§ WHAT THE TASK REQUIRES: The answer must be a bare number: the count of lines below that contain "scaleV".

(Stored data)
(* Let $\mathcal{G}$ be a Lie algebra over a field $K$, $Z$ a subspace of the centre of $\mathcal{G}$, $W=\mathcal{G}/Z$, and $\pi:\mathcal{G}\to W$ the projection. Fix a $K$-linear section $s:W\to\mathcal{G}$ of $\pi$, so $\mathcal{G}=s(W)\oplus Z$. Let $\mathcal{K}$ be the set of $K$-linear maps $\tau_\phi:\mathcal{G}\to\mathcal{G}$ with $\tau_\phi(s(w))=s(w)+\phi(w)$ and $\tau_\phi(z)=z$ for $w\in W$, $z\in Z$, where $\phi\in\mathrm{Hom}_K(W,Z)$ satisfies $\phi([W,W])=0$. Suppose that (1) every automorphism of $W$ extends to an automorphism of $\mathcal{G}$ (i.e. for each $\sigma\in\mathrm{Aut}_{\mathrm{Lie}}(W)$ there is $\widehat\sigma\in\mathrm{Aut}_{\mathrm{Lie}}(\mathcal{G})$ with $\pi\widehat\sigma=\sigma\pi$), and (2) $Z\subseteq[\mathcal{G},\mathcal{G}]$. Then $$1\to\mathcal{K}\to\mathrm{Aut}_{\mathrm{Lie}}(\mathcal{G})\xrightarrow{\psi}\mathrm{Aut}_{\mathrm{Lie}}(W)\to1$$ is a short exact sequence of groups, where $\psi(\sigma)(a+Z)=\sigma(a)+Z$ for all $a\in\mathcal{G}$.
   Formalization: Throughout the exact sequence, and as the domain of $\psi$, $\mathrm{Aut}_{\mathrm{Lie}}(\mathcal{G})$ is replaced by its subgroup of automorphisms $\sigma$ with sigma(Z) = Z. The statement above fails without it. *)

theory Defs
  imports "HOL-Algebra.Algebra"
begin

definition lie_algebra :: "('k::field \<Rightarrow> 'g::ab_group_add \<Rightarrow> 'g) \<Rightarrow> ('g \<Rightarrow> 'g \<Rightarrow> 'g) \<Rightarrow> bool" where
  "lie_algebra scale br \<longleftrightarrow>
     vector_space scale \<and>
     (\<forall>x y z. br (x + y) z = br x z + br y z) \<and>
     (\<forall>x y z. br x (y + z) = br x y + br x z) \<and>
     (\<forall>c x y. br (scale c x) y = scale c (br x y)) \<and>
     (\<forall>c x y. br x (scale c y) = scale c (br x y)) \<and>
     (\<forall>x. br x x = 0) \<and>
     (\<forall>x y z. br x (br y z) + br y (br z x) + br z (br x y) = 0)"

definition lie_centre :: "('g \<Rightarrow> 'g \<Rightarrow> 'g::ab_group_add) \<Rightarrow> 'g set" where
  "lie_centre br = {z. \<forall>x. br z x = 0}"

definition derived :: "('k::field \<Rightarrow> 'g::ab_group_add \<Rightarrow> 'g) \<Rightarrow> ('g \<Rightarrow> 'g \<Rightarrow> 'g) \<Rightarrow> 'g set" where
  "derived scale br = module.span scale {br a b | a b. True}"

definition lie_aut :: "('k::field \<Rightarrow> 'g::ab_group_add \<Rightarrow> 'g) \<Rightarrow> ('g \<Rightarrow> 'g \<Rightarrow> 'g) \<Rightarrow> ('g \<Rightarrow> 'g) set" where
  "lie_aut scale br = {\<sigma>. bij \<sigma> \<and> Vector_Spaces.linear scale scale \<sigma> \<and>
                           (\<forall>a b. \<sigma> (br a b) = br (\<sigma> a) (\<sigma> b))}"

definition coset :: "'g::ab_group_add set \<Rightarrow> 'g \<Rightarrow> 'g set" where
  "coset Z a = {a + z | z. z \<in> Z}"

abbreviation proj :: "'g::ab_group_add set \<Rightarrow> 'g \<Rightarrow> 'g set" where
  "proj Z \<equiv> coset Z"

definition quot :: "'g::ab_group_add set \<Rightarrow> 'g set set" where
  "quot Z = range (coset Z)"

definition crep :: "'g set \<Rightarrow> 'g" where
  "crep U = (SOME a. a \<in> U)"

definition qadd :: "'g::ab_group_add set \<Rightarrow> 'g set \<Rightarrow> 'g set \<Rightarrow> 'g set" where
  "qadd Z U V = coset Z (crep U + crep V)"

definition qscale :: "('k \<Rightarrow> 'g::ab_group_add \<Rightarrow> 'g) \<Rightarrow> 'g set \<Rightarrow> 'k \<Rightarrow> 'g set \<Rightarrow> 'g set" where
  "qscale scale Z c U = coset Z (scale c (crep U))"

definition qbr :: "('g \<Rightarrow> 'g \<Rightarrow> 'g::ab_group_add) \<Rightarrow> 'g set \<Rightarrow> 'g set \<Rightarrow> 'g set \<Rightarrow> 'g set" where
  "qbr br Z U V = coset Z (br (crep U) (crep V))"

text \<open>[W,W] = \<pi>([G,G]).\<close>
definition quot_derived :: "('k::field \<Rightarrow> 'g::ab_group_add \<Rightarrow> 'g) \<Rightarrow> ('g \<Rightarrow> 'g \<Rightarrow> 'g) \<Rightarrow> 'g set \<Rightarrow> 'g set set" where
  "quot_derived scale br Z = coset Z ` derived scale br"

definition quot_linear :: "('k \<Rightarrow> 'g::ab_group_add \<Rightarrow> 'g) \<Rightarrow> 'g set \<Rightarrow> ('k \<Rightarrow> 'v::ab_group_add \<Rightarrow> 'v) \<Rightarrow> ('g set \<Rightarrow> 'v) \<Rightarrow> bool" where
  "quot_linear scale Z scaleV f \<longleftrightarrow>
     (\<forall>U\<in>quot Z. \<forall>V\<in>quot Z. f (qadd Z U V) = f U + f V) \<and>
     (\<forall>c. \<forall>U\<in>quot Z. f (qscale scale Z c U) = scaleV c (f U))"

definition quot_aut :: "('k \<Rightarrow> 'g::ab_group_add \<Rightarrow> 'g) \<Rightarrow> ('g \<Rightarrow> 'g \<Rightarrow> 'g) \<Rightarrow> 'g set \<Rightarrow> ('g set \<Rightarrow> 'g set) set" where
  "quot_aut scale br Z = {\<sigma>. \<sigma> \<in> extensional (quot Z) \<and> bij_betw \<sigma> (quot Z) (quot Z) \<and>
      (\<forall>U\<in>quot Z. \<forall>V\<in>quot Z. \<sigma> (qadd Z U V) = qadd Z (\<sigma> U) (\<sigma> V)) \<and>
      (\<forall>c. \<forall>U\<in>quot Z. \<sigma> (qscale scale Z c U) = qscale scale Z c (\<sigma> U)) \<and>
      (\<forall>U\<in>quot Z. \<forall>V\<in>quot Z. \<sigma> (qbr br Z U V) = qbr br Z (\<sigma> U) (\<sigma> V))}"
(* Let $r>0$ be a fixed integer. There exist a constant $c>0$ and infinitely many $n$ such that, for each such $n$, there is a hypergraph $H$ on $n$ vertices which is both $r$-cross-free and $r$-closed, and such that every sub-hypergraph $H'\subseteq H$ with $\mathrm{cl}_r(H')=H$ has at least $c\, n^r$ hyperedges (i.e. $\Omega(n^r)$ hyperedges).
   Context: Hypergraphs have vertex set $V=[n]$ and are identified with their sets of hyperedges; a sub-hypergraph is a subset of the hyperedge set; $\overline A = V\setminus A$. $\mathcal K_r(n)$ is the class of hypergraphs $\mathcal E$ on $V$ satisfying: (R0) every $X\subseteq V$ with $|X|\le r$ is in $\mathcal E$; (R1) $A\in\mathcal E\Rightarrow V\setminus A\in\mathcal E$; (R2) $A,B\in\mathcal E$ and $|A\cap B|\ge r\Rightarrow A\cup B\in\mathcal E$. $\mathcal K^0_r(n)$ is the class satisfying (R0) and (R1) only. $\mathrm{cl}_r(H)$ (resp. $\mathrm{cl}^0_r(H)$) is the intersection of all hypergraphs in $\mathcal K_r(n)$ (resp. $\mathcal K^0_r(n)$) containing $H$. $H$ is $r$-closed if $\mathrm{cl}_r(H)=H$. Sets $A,B\subseteq V$ are $r$-orthogonal if $\mathrm{cl}_r(\{A,B\})=\mathrm{cl}^0_r(\{A,B\})$. A hypergraph is $r$-cross-free if every pair of its hyperedges is $r$-orthogonal. *)

theory Defs
  imports Complex_Main
begin

definition vset :: "nat \<Rightarrow> nat set" where
  "vset n = {1..n}"

definition K_class :: "nat \<Rightarrow> nat \<Rightarrow> nat set set set" where
  "K_class r n = {E. E \<subseteq> Pow (vset n)
     \<and> (\<forall>X. X \<subseteq> vset n \<and> card X \<le> r \<longrightarrow> X \<in> E)
     \<and> (\<forall>A\<in>E. vset n - A \<in> E)
     \<and> (\<forall>A\<in>E. \<forall>B\<in>E. card (A \<inter> B) \<ge> r \<longrightarrow> A \<union> B \<in> E)}"

definition K0_class :: "nat \<Rightarrow> nat \<Rightarrow> nat set set set" where
  "K0_class r n = {E. E \<subseteq> Pow (vset n)
     \<and> (\<forall>X. X \<subseteq> vset n \<and> card X \<le> r \<longrightarrow> X \<in> E)
     \<and> (\<forall>A\<in>E. vset n - A \<in> E)}"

§ WRITTEN ANSWER: 2